* **PROBLEM**:
The expected result is the material below, reproduced exactly from its first line through the line containing "Y f g = (if".

--- DATA TO EXAMINE ---

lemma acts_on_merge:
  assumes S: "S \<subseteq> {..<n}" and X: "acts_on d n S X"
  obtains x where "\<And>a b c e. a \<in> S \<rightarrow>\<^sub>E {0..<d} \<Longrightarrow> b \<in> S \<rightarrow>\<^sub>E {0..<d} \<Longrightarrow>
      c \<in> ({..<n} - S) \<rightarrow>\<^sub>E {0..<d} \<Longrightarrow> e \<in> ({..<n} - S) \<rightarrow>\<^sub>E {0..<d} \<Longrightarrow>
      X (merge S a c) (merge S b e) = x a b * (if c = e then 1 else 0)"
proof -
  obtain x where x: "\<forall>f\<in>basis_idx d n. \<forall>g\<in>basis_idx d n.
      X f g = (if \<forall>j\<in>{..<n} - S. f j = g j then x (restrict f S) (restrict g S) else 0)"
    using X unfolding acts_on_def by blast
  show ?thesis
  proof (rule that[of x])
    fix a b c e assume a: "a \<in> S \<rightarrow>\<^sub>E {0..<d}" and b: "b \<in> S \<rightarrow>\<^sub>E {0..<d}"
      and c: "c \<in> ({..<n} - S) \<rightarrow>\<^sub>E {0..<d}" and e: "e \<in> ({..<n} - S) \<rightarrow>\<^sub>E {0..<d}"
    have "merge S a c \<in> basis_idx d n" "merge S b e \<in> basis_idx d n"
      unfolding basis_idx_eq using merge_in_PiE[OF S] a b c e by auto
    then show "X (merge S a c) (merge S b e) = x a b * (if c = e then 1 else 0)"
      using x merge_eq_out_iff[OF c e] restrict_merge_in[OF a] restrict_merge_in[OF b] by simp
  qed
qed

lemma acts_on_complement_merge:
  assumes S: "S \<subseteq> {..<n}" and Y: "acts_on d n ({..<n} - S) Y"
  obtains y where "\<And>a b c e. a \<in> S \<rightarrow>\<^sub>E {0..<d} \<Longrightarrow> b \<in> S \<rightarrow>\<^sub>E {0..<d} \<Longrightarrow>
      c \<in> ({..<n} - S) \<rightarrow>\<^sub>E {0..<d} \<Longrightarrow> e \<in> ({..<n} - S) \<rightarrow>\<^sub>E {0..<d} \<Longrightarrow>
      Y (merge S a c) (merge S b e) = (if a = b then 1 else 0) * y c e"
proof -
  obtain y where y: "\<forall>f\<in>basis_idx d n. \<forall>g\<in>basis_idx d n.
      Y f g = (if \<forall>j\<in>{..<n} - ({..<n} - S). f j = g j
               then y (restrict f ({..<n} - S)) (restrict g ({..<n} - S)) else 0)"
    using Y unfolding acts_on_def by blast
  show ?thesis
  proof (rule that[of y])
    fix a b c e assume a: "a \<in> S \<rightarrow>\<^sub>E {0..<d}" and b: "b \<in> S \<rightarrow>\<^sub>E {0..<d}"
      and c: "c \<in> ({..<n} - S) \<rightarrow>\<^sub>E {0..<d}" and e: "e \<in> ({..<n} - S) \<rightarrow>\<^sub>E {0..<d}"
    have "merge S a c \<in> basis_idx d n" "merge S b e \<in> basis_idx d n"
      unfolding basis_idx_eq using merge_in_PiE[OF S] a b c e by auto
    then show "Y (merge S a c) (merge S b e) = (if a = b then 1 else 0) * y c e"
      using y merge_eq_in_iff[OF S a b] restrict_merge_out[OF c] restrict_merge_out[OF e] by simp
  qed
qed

---

* **ANSWER TO THIS TASK**:
lemma acts_on_merge:
  assumes S: "S \<subseteq> {..<n}" and X: "acts_on d n S X"
  obtains x where "\<And>a b c e. a \<in> S \<rightarrow>\<^sub>E {0..<d} \<Longrightarrow> b \<in> S \<rightarrow>\<^sub>E {0..<d} \<Longrightarrow>
      c \<in> ({..<n} - S) \<rightarrow>\<^sub>E {0..<d} \<Longrightarrow> e \<in> ({..<n} - S) \<rightarrow>\<^sub>E {0..<d} \<Longrightarrow>
      X (merge S a c) (merge S b e) = x a b * (if c = e then 1 else 0)"
proof -
  obtain x where x: "\<forall>f\<in>basis_idx d n. \<forall>g\<in>basis_idx d n.
      X f g = (if \<forall>j\<in>{..<n} - S. f j = g j then x (restrict f S) (restrict g S) else 0)"
    using X unfolding acts_on_def by blast
  show ?thesis
  proof (rule that[of x])
    fix a b c e assume a: "a \<in> S \<rightarrow>\<^sub>E {0..<d}" and b: "b \<in> S \<rightarrow>\<^sub>E {0..<d}"
      and c: "c \<in> ({..<n} - S) \<rightarrow>\<^sub>E {0..<d}" and e: "e \<in> ({..<n} - S) \<rightarrow>\<^sub>E {0..<d}"
    have "merge S a c \<in> basis_idx d n" "merge S b e \<in> basis_idx d n"
      unfolding basis_idx_eq using merge_in_PiE[OF S] a b c e by auto
    then show "X (merge S a c) (merge S b e) = x a b * (if c = e then 1 else 0)"
      using x merge_eq_out_iff[OF c e] restrict_merge_in[OF a] restrict_merge_in[OF b] by simp
  qed
qed

lemma acts_on_complement_merge:
  assumes S: "S \<subseteq> {..<n}" and Y: "acts_on d n ({..<n} - S) Y"
  obtains y where "\<And>a b c e. a \<in> S \<rightarrow>\<^sub>E {0..<d} \<Longrightarrow> b \<in> S \<rightarrow>\<^sub>E {0..<d} \<Longrightarrow>
      c \<in> ({..<n} - S) \<rightarrow>\<^sub>E {0..<d} \<Longrightarrow> e \<in> ({..<n} - S) \<rightarrow>\<^sub>E {0..<d} \<Longrightarrow>
      Y (merge S a c) (merge S b e) = (if a = b then 1 else 0) * y c e"
proof -
  obtain y where y: "\<forall>f\<in>basis_idx d n. \<forall>g\<in>basis_idx d n.
      Y f g = (if \<forall>j\<in>{..<n} - ({..<n} - S). f j = g j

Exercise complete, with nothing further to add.